For all I know, C could be cleaned up/processed and less "authentic", but that is the one I prefer ;) 
thx for the blog!"
Well, surprise surprise! You, sir, obviously picked the Oppo and I suspect you're more of a "golden ear" than you thought :-). Be careful with compulsive buying though!

----------
Device A sounded weird for lack of a better word on my mostly Martin Logan system. Like there was a halo around the performers. Not as obvious on the the Squeezebox monitor system, but still there. I thought Device D was better, but it was kind of "soft" sounding to me for lack of a better word. Not quite as detailed as B or C. I thought B&C were pretty close to each other. Definitely a step above A and D. If I had to pick one of those two it would be C. It just seemed to have the detail of B, but without a very slight brightness that seemed to show up sometimes in B
You clearly did well. I see you selected Oppo > iPhone > Sony > ASRock motherboard. Nicely done.

----------
"I have compared to the original 16/44 tracks that you used for the comparison and I must say that all four sound better than your converted samples! Therefore it was not as easy as with a good source to evaluate a ranking."
Right, remember we have to be careful about comparing with the original source recordings as there have been significant changes to the levels made. The comments above with the first respondent applies here. Plus of course I'm recording off a motherboard in one of them :-).

Just to give you an idea of how much change, between the original CD rip of "Handel Messiah" and the Oppo 24/96 recording, in order to equalize volume to an average of -18LUFS target using EBU R128, the original rip would have needed -0.92dB reduction, while the RME ADC recorded version of the Oppo needed +2.3dB gain. That's a pretty significant volume difference of >3dB which if not properly compensated will typically bias against the ADC recorded 24/96 version which is of lower amplitude.

----------
"Wild World - A sounded like was playing in a cave, very small sound stage; D had some weird sibilance, noticable with the bell; B/C sounded similar, good separation with C being the best. Le Mal de Vivre - A sounded a bit nasal; D again had some weird sibilance; B/C sounded very close, with C sounding "more present / life like". For Unto Us A Child Is Born - track content was a too busy to distinguish between A-D.Crowd Chant - I did not like this track so did not use it."
Great job with the listening! Oppo > iPhone > Sony > ASRock motherboard.

II. Those who thought the difference was SMALL, but worth spending some money to upgrade the sound.

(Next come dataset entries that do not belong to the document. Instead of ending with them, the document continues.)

lemma null_cofinal_of_null_comparable:
  assumes comparable: "null_comparable F"
  shows "\<exists>G. null_cofinal G \<and> |G| \<le>o |F|"
proof (cases "|UNIV :: (nat \<Rightarrow> bool) set| \<le>o |F|")
  case True
  then show ?thesis
    using null_cofinal_le_continuum by (blast intro: ordLeq_transitive)
next
  case small: False
  define X where "X = (\<lambda>q. SOME x. x \<in> q) ` F"
  have meets: "q \<inter> X \<noteq> {}" if "q \<in> F" for q
  proof -
    have "q \<noteq> {}"
      using comparable that unfolding comparable_family_def by blast
    then have "(SOME x. x \<in> q) \<in> q"
      by (simp add: some_in_eq)
    with that show ?thesis
      unfolding X_def by blast
  qed
  have square: "|F \<times> F| =o |F|"
    using card_of_Times_same_infinite null_comparable_infinite[OF comparable] by blast
  have "X \<times> X = map_prod (\<lambda>q. SOME x. x \<in> q) (\<lambda>q. SOME x. x \<in> q) ` (F \<times> F)"
    unfolding X_def by (simp add: map_prod_surj_on)
  then have "|X \<times> X| \<le>o |F \<times> F|"
    by (simp add: card_of_image)
  with small square have "\<not> |UNIV :: (nat \<Rightarrow> bool) set| \<le>o |X \<times> X|"
    by (metis ordLeq_ordIso_trans ordLeq_transitive)
  then obtain t where disjoint: "X \<inter> cantor_add t ` X = {}"
    by (rule exists_cantor_add_disjoint)
  define G where "G = (\<lambda>(q1, q2). q1 \<union> cantor_add t ` q2) ` (F \<times> F)"
  have "G \<subseteq> null_ideal"
    using comparable unfolding G_def comparable_family_def
    by (auto intro: null_ideal_Un cantor_add_image_null_ideal)
  moreover have "\<exists>B\<in>G. N \<subseteq> B" if N: "N \<in> null_ideal" for N
  proof -
    obtain q1 q2 where "q1 \<in> F" "q2 \<in> F" "N \<subseteq> q1 \<union> cantor_add t ` q2"
      using null_ideal_subset_Un_cantor_add[OF comparable meets disjoint N] by blast
    then show ?thesis
      unfolding G_def by blast
  qed
  moreover have "|G| \<le>o |F|"
    using card_of_image square unfolding G_def by (blast intro: ordLeq_ordIso_trans)
  ultimately show ?thesis
    unfolding null_cofinal_def by blast
qed

lemma min_card_attained:
  assumes "Q F0"
  obtains F where "Q F" "min_card Q = |F|" "\<And>F'. Q F' \<Longrightarrow> |F| \<le>o |F'|"
proof -
  let ?R = "card_of ` {F. Q F}"
  have "?R \<noteq> {}"
    using assms by blast
  moreover have "\<forall>r \<in> ?R. Card_order r"
    using card_of_Card_order by blast
  ultimately obtain r where "r \<in> ?R" "\<forall>r' \<in> ?R. r \<le>o r'"
    using exists_minim_Card_order[of ?R] by blast
  then have "\<exists>F. Q F \<and> (\<forall>F'. Q F' \<longrightarrow> card_of F \<le>o card_of F')"
    by blast
  define F where "F = (SOME F. Q F \<and> (\<forall>F'. Q F' \<longrightarrow> card_of F \<le>o card_of F'))"
  have "Q F \<and> (\<forall>F'. Q F' \<longrightarrow> card_of F \<le>o card_of F')"
    unfolding F_def by (rule someI_ex) fact
  moreover have "min_card Q = |F|"
    unfolding min_card_def F_def ..
  ultimately show ?thesis
    by (intro that) auto
qed

theorem mainTheorem9:
  shows "ordIso2 (cp (null_ideal - {{}}) (\<subseteq>)) cof_null"
proof -
  have "null_comparable (null_ideal - {{}})"
    unfolding comparable_family_def by blast
  then obtain C where C: "null_comparable C"
      "cp (null_ideal - {{}}) (\<subseteq>) = |C|"
      "\<And>C'. null_comparable C' \<Longrightarrow> |C| \<le>o |C'|"
    unfolding cp_def by (rule min_card_attained[of null_comparable]) blast
  have "null_cofinal null_ideal"
    unfolding null_cofinal_def by blast
  then obtain G where G: "null_cofinal G" "cof_null = |G|" "\<And>G'. null_cofinal G' \<Longrightarrow> |G| \<le>o |G'|"
    unfolding cof_null_eq_min_card by (rule min_card_attained[of null_cofinal]) blast
  have "|C| \<le>o |G - {{}}|"
    using C(3) null_comparable_of_null_cofinal[OF G(1)] .
  also have "|G - {{}}| \<le>o |G|"
    by (rule card_of_mono1) blast
  finally have "|C| \<le>o |G|" .
  moreover obtain G' where "null_cofinal G'" "|G'| \<le>o |C|"
    using null_cofinal_of_null_comparable[OF C(1)] by blast
  then have "|G| \<le>o |C|"
    using G(3) by (blast intro: ordLeq_transitive)
  ultimately show ?thesis
    unfolding C(2) G(2) by (simp add: ordIso_iff_ordLeq)
qed

end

"I noticed very SLIGHT differences in tone and dynamics. Overall the differences were extremely small and if one of the players cost say $100 at the low end and a few thousand at the high end the tiny performance jump wouldn't be worth that sort of a price increase now if the "cheap" one is $100 and the "expensive" one is say $250 or so then it may be worth it. But honestly it wouldn't surprise me if my "favorite" pick was the least expensive option. Anyway great poll and test had a lot of fun doing it."
Not bad. You picked the iPhone and Oppo as #1 and #2 and were able to list the motherboard as "worst". I like that you've incorporated the very important concept of dollar value into the listening impressions.

----------
"From these tester songs and past experience, I think a higher sample rate mainly benefits highs, but the clarity overall, to me, seems noticeable. Also thank you for introducing me to La Mal de Vivre, beautiful. Please validate my purchases."
Hmmm, not sure if the results validated your purchases!? But I see you did pick the Oppo as best and the motherboard in 3rd place :-).

----------
"The bottom end on Maxi Priest was the best differentiator, followed by the sibilance on Cecile."
I see you preferred the Sony CD player > iPhone > Oppo > Motherboard based on listening to the bass and sibilance impressions.
----------
"I started with listening for less than 5 seconds to the first track of each device. That first impression told me I could not hear any differences and it would be very hard to hear any differences. All 4 devices sounded good. 
After listening to all songs on all devices, I noticed that with device B I was sometimes distracted and least involved with the music.
With device A and D I listened to music. The difference between A and D are zero and had to choose which one came first.
Device C sounded the best. But the differences are very subtle. Small details where easier to hear and to follow. Also details where more alive and had more speed/presence. Device C got me the most involved with the music.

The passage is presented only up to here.